● INSTRUCTIONS TO FOLLOW
Look for the string "case" in the listing. Copy each line that has it.

━━━━━━━━━━━━━━━━━━━━

definition Z :: "('a \<Rightarrow> real) \<Rightarrow> 'b \<Rightarrow> ennreal" where
  "Z a y = (\<integral>\<^sup>+x. ennreal (exp (a x - c (x, y))) \<partial>\<mu>)"

definition W :: "('b \<Rightarrow> real) \<Rightarrow> 'a \<Rightarrow> ennreal" where
  "W b x = (\<integral>\<^sup>+y. ennreal (exp (b y - c (x, y))) \<partial>\<nu>)"

definition phi_of :: "('b \<Rightarrow> real) \<Rightarrow> 'a \<Rightarrow> real" where
  "phi_of b x = - ln (enn2real (W b x))"

definition gibbs :: "('a \<Rightarrow> real) \<Rightarrow> ('b \<Rightarrow> real) \<Rightarrow> ('a \<times> 'b) measure" where
  "gibbs a b = density M (\<lambda>(x, y). ennreal (exp (a x + b y - c (x, y))))"

lemma sets_gibbs[measurable_cong]: "sets (gibbs a b) = sets M"
  by (simp add: gibbs_def)

lemma psi_of_eq: "psi_of a y = - ln (enn2real (Z a y))"
  by (simp add: sk_psi_of_def Z_def)

lemma psi_eq: "psi t = psi_of (phi t)"
  by (simp add: sk_psi_def)

lemma phi_Suc: "phi (Suc t) = phi_of (psi t)"
  by (simp add: fun_eq_iff phi_of_def W_def sk_phi.simps(2) sk_psi_def)

lemma sk_pi_even_eq: "sk_pi_even \<mu> \<nu> c t = gibbs (phi t) (psi t)"
  by (simp add: sk_pi_even_def gibbs_def)

lemma sk_pi_odd_eq: "sk_pi_odd \<mu> \<nu> c t = gibbs (phi (Suc t)) (psi t)"
  by (simp add: sk_pi_odd_def gibbs_def)

lemma c_measurable_fst[measurable]: "y \<in> space \<nu> \<Longrightarrow> (\<lambda>x. c (x, y)) \<in> borel_measurable \<mu>"
  by measurable

lemma c_measurable_snd[measurable]: "x \<in> space \<mu> \<Longrightarrow> (\<lambda>y. c (x, y)) \<in> borel_measurable \<nu>"
  by measurable

lemma Z_measurable:
  assumes [measurable]: "a \<in> borel_measurable \<mu>"
  shows "Z a \<in> borel_measurable \<nu>"
  unfolding Z_def by measurable

lemma W_measurable:
  assumes [measurable]: "b \<in> borel_measurable \<nu>"
  shows "W b \<in> borel_measurable \<mu>"
  unfolding W_def by measurable

lemma Z_neq_zero:
  assumes [measurable]: "a \<in> borel_measurable \<mu>" and "y \<in> space \<nu>"
  shows "Z a y \<noteq> 0"
  unfolding Z_def using assms(2) by (intro nn_integral_exp_neq_zero[OF prob_space_\<mu>]) measurable

lemma W_neq_zero:
  assumes [measurable]: "b \<in> borel_measurable \<nu>" and "x \<in> space \<mu>"
  shows "W b x \<noteq> 0"
  unfolding W_def using assms(2) by (intro nn_integral_exp_neq_zero[OF prob_space_\<nu>]) measurable

lemma phi_psi_measurable: "phi t \<in> borel_measurable \<mu> \<and> psi t \<in> borel_measurable \<nu>"
proof (induction t)
  case 0
  show ?case
    using Z_measurable[of "phi 0"] by (simp add: psi_eq psi_of_eq[abs_def])
next
  case (Suc t)
  then have "phi (Suc t) \<in> borel_measurable \<mu>"
    using W_measurable[of "psi t"] by (simp add: phi_Suc phi_of_def[abs_def])
  then show ?case
    using Z_measurable[of "phi (Suc t)"] by (simp add: psi_eq psi_of_eq[abs_def])
qed

lemma phi_measurable[measurable]: "phi t \<in> borel_measurable \<mu>"
  and psi_measurable[measurable]: "psi t \<in> borel_measurable \<nu>"
  using phi_psi_measurable by auto

lemma nn_integral_gibbs:
  assumes [measurable]: "a \<in> borel_measurable \<mu>" "b \<in> borel_measurable \<nu>" "g \<in> borel_measurable M"
  shows "(\<integral>\<^sup>+z. g z \<partial>gibbs a b) = (\<integral>\<^sup>+z. ennreal (exp (a (fst z) + b (snd z) - c z)) * g z \<partial>M)"
  unfolding gibbs_def by (subst nn_integral_density) (auto simp: split_beta')
lemma skew_mult_eq_nonzero:
  assumes a: "a \<in> skew_carrier G \<phi>" and b: "b \<in> skew_carrier G \<phi>"
  shows "skew_mult G \<phi> a b u \<xi> = (\<Sum>(s, t) \<in> {(s, t). s \<otimes>\<^bsub>G\<^esub> t = u
      \<and> a s \<xi> * b t (theta_deg (inv\<^bsub>G\<^esub> s) \<xi>) \<noteq> 0}. a s \<xi> * b t (theta_deg (inv\<^bsub>G\<^esub> s) \<xi>))"
proof -
  let ?f = "\<lambda>(s, t). a s \<xi> * b t (theta_deg (inv\<^bsub>G\<^esub> s) \<xi>)"
  let ?S = "{(s, t). a s \<noteq> (\<lambda>_. 0) \<and> b t \<noteq> (\<lambda>_. 0) \<and> s \<otimes>\<^bsub>G\<^esub> t = u}"
  have "?S \<subseteq> {s. a s \<noteq> (\<lambda>_. 0)} \<times> {t. b t \<noteq> (\<lambda>_. 0)}" by auto
  hence fin: "finite ?S" by (rule finite_subset) (use a b in \<open>auto simp: skew_carrier_def\<close>)
  have "skew_mult G \<phi> a b u \<xi> = sum ?f ?S" by (rule skew_mult_eq[OF a b])
  also have "\<dots> = sum ?f (?S - {p. ?f p = 0})" by (rule sum.setdiff_irrelevant[OF fin, symmetric])
  also have "?S - {p. ?f p = 0} = {(s, t). s \<otimes>\<^bsub>G\<^esub> t = u \<and> ?f (s, t) \<noteq> 0}" by fastforce
  finally show ?thesis by simp
qed

end

section \<open>Two pure gradings\<close>

text \<open>The \<psi>-degree of any s with \<phi> s = g and s * sinv s \<in> \<xi>; well defined on filters by
  degree_transfer.\<close>

definition transfer_deg :: "('a::{semigroup_mult,mult_zero} \<Rightarrow> 'g1) \<Rightarrow> ('a \<Rightarrow> 'g2) \<Rightarrow> 'g1 \<Rightarrow> 'a set \<Rightarrow> 'g2" where
  "transfer_deg \<phi> \<psi> g \<xi> = \<psi> (SOME s. s \<noteq> 0 \<and> \<phi> s = g \<and> s * sinv s \<in> \<xi>)"

locale two_pure_gradings = inverse_semigroup_zero ty for ty :: "'a::{semigroup_mult,mult_zero} itself" +
  fixes G1 :: "('g1, 'b1) monoid_scheme" and \<phi>1 :: "'a \<Rightarrow> 'g1"
    and G2 :: "('g2, 'b2) monoid_scheme" and \<phi>2 :: "'a \<Rightarrow> 'g2"
  assumes pg1: "pure_grading G1 \<phi>1" and pg2: "pure_grading G2 \<phi>2"
begin

sublocale P1: pure_graded ty G1 \<phi>1 by unfold_locales (rule pg1)
sublocale P2: pure_graded ty G2 \<phi>2 by unfold_locales (rule pg2)
lemma log_stirling_ratio_diff_le:
  assumes "n \<ge> 1"
  shows "log_stirling_ratio n - log_stirling_ratio (Suc n) \<le> 1/(4*real n) - 1/(4*(real n + 1))"
proof -
  have "ln (1 + 1/real n) \<le> (1/real n)*((1/real n)+2)/(2*((1/real n)+1))"
    by (rule ln_one_plus_le) simp
  then have "(real n + 1/2) * ln (1 + 1/real n)
      \<le> (real n + 1/2) * ((1/real n)*((1/real n)+2)/(2*((1/real n)+1)))"
    by (intro mult_left_mono) auto
  also have "\<dots> = 1 + (1/(4*real n) - 1/(4*(real n + 1)))"
    using assms by (simp add: divide_simps) (simp add: algebra_simps)
  finally show ?thesis using log_stirling_ratio_diff[OF assms] by simp
qed

lemma log_stirling_ratio_ge_three_quarters:
  assumes "n \<ge> 1" shows "3/4 + 1/(4*real n) \<le> log_stirling_ratio n"
  using assms
proof (induction n rule: dec_induct)
  case base
  then show ?case by (simp add: log_stirling_ratio_def)
next
  case (step m)
  then show ?case using log_stirling_ratio_diff_le[of m] by (simp add: add.commute)
qed

lemma Wallis_partial_product_eq:
  "(\<Prod>k=1..n. 4*(real k)^2/(4*(real k)^2 - 1)) = 16^n * (fact n)^4 / ((fact (2*n))^2 * (2*real n+1))"
proof (induction n)
  case 0
  then show ?case by simp
next
  case (Suc n)
  define A B where "A = (fact n :: real)" and "B = (fact (2*n) :: real)"
  have pos: "A > 0" "B > 0" unfolding A_def B_def by simp_all
  have "(\<Prod>k=1..Suc n. 4*(real k)^2/(4*(real k)^2 - 1)) =
     16^n * A^4 / (B^2 * (2*real n+1)) * (4*(real n+1)^2/((2*real n+1)*(2*real n+3)))"
    unfolding A_def B_def Suc.IH[symmetric]
    by (simp add: prod.nat_ivl_Suc' add.commute power2_eq_square algebra_simps)
  also have "\<dots> = 16^(Suc n) * ((real n+1)*A)^4 / (((2*real n+2)*(2*real n+1)*B)^2 * (2*real n+3))"
    using pos by (simp add: divide_simps power2_eq_square) (simp add: algebra_simps eval_nat_numeral)
  also have "\<dots> = 16^(Suc n) * (fact (Suc n))^4 / ((fact (2 * Suc n))^2 * (2*real (Suc n)+1))"
    unfolding A_def B_def by (simp add: algebra_simps)
  finally show ?case .
qed
theorem theorem7:
  fixes \<pi> :: "'a::finite \<Rightarrow> real" and P Q :: "'a \<Rightarrow> 'a \<Rightarrow> real"
  assumes "prob_distribution \<pi>" and "\<forall>x. 0 < \<pi> x"
    and "transition_matrix P" and "transition_matrix Q"
    and "irreducible_tm P" and "irreducible_tm Q"
    and "reversible_wrt \<pi> P" and "reversible_wrt \<pi> Q"
    and "efficiency_dominates \<pi> P Q" and "P \<noteq> Q"
  shows "trace_tm P < trace_tm Q"
  using efficiency_dominates_imp_inner_pi_le[OF assms(1-5,7-9)]
  by (rule inner_pi_le_imp_trace_lt[OF assms(2,7,8) _ assms(10)])

end
(* Consider the system \[ \begin{aligned} \dot S_h(t)&=\beta_h-C_{vh}\frac{I_v(t)}{N_v(t)}S_h(t)-\mu_hS_h(t),\\ \dot I_h(t)&=C_{vh}\frac{I_v(t-\tau)}{N_v(t-\tau)}S_h(t-\tau)-\mu_hI_h(t),\\ \dot S_v(t)&=\beta_v-C_{hv}I_h(t)S_v(t)-\mu_vS_v(t),\\ \dot I_v(t)&=C_{hv}I_h(t)S_v(t)-\mu_vI_v(t), \end{aligned} \] with $N_v=S_v+I_v$, positive parameters $\beta_h,\beta_v,\mu_h,\mu_v,C_{vh},C_{hv}$ and $\tau\ge0$. Let $R_0=\sqrt{C_{vh}C_{hv}\beta_h/(\mu_h^2\mu_v)}$ and, when $R_0>1$, let $I_h^*$ be the $I_h$-component of the unique equilibrium with all components positive. If $R_0>1$ and $\theta\in(0,1)$, then for the solution through any initial function $\varphi\in D$ one has $\limsup_{t\to\infty}I_h(t)>\theta I_h^*$.
   Context: $C_+=\{\varphi\in C([-\tau,0],\mathbb{R}_+^4):\varphi_3(\theta)+\varphi_4(\theta)>0\ \forall\theta\in[-\tau,0]\}$ with the sup-norm, and $D=\{\varphi\in C_+:\varphi_2(0)>0\}$. *)

theory Defs
  imports "HOL-Analysis.Analysis"
begin

text \<open>Components of a state vector x :: real^4 are (S_h, I_h, S_v, I_v) = (x$1, x$2, x$3, x$4).\<close>

definition C_plus :: "real \<Rightarrow> (real \<Rightarrow> real^4) set" where
  "C_plus \<tau> = {\<phi>. continuous_on {-\<tau>..0} \<phi> \<and>
      (\<forall>s\<in>{-\<tau>..0}. \<forall>i. \<phi> s $ i \<ge> 0) \<and>
      (\<forall>s\<in>{-\<tau>..0}. \<phi> s $ 3 + \<phi> s $ 4 > 0)}"

definition D_set :: "real \<Rightarrow> (real \<Rightarrow> real^4) set" where
  "D_set \<tau> = {\<phi> \<in> C_plus \<tau>. \<phi> 0 $ 2 > 0}"

definition is_solution ::
  "real \<Rightarrow> real \<Rightarrow> real \<Rightarrow> real \<Rightarrow> real \<Rightarrow> real \<Rightarrow> real \<Rightarrow> (real \<Rightarrow> real^4) \<Rightarrow> (real \<Rightarrow> real^4) \<Rightarrow> bool"
  where
  "is_solution \<beta>h \<beta>v \<mu>h \<mu>v Cvh Chv \<tau> \<phi> x \<longleftrightarrow>
     (\<forall>s\<in>{-\<tau>..0}. x s = \<phi> s) \<and>
     continuous_on {-\<tau>..} x \<and>
     (\<forall>t\<ge>0.
        ((\<lambda>s. x s $ 1) has_real_derivative
            (\<beta>h - Cvh * (x t $ 4 / (x t $ 3 + x t $ 4)) * x t $ 1 - \<mu>h * x t $ 1)) (at t within {0..}) \<and>
        ((\<lambda>s. x s $ 2) has_real_derivative
            (Cvh * (x (t - \<tau>) $ 4 / (x (t - \<tau>) $ 3 + x (t - \<tau>) $ 4)) * x (t - \<tau>) $ 1
              - \<mu>h * x t $ 2)) (at t within {0..}) \<and>
        ((\<lambda>s. x s $ 3) has_real_derivative
            (\<beta>v - Chv * x t $ 2 * x t $ 3 - \<mu>v * x t $ 3)) (at t within {0..}) \<and>
        ((\<lambda>s. x s $ 4) has_real_derivative
            (Chv * x t $ 2 * x t $ 3 - \<mu>v * x t $ 4)) (at t within {0..}))"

━━━━━━━━━━━━━━━━━━━━

● FINISHED EXERCISE
  case 0
  show ?case
  case (Suc t)
  then show ?case
  case base
  then show ?case by (simp add: log_stirling_ratio_def)
  case (step m)
  then show ?case using log_stirling_ratio_diff_le[of m] by (simp add: add.commute)
  case 0
  then show ?case by simp
  case (Suc n)
  finally show ?case .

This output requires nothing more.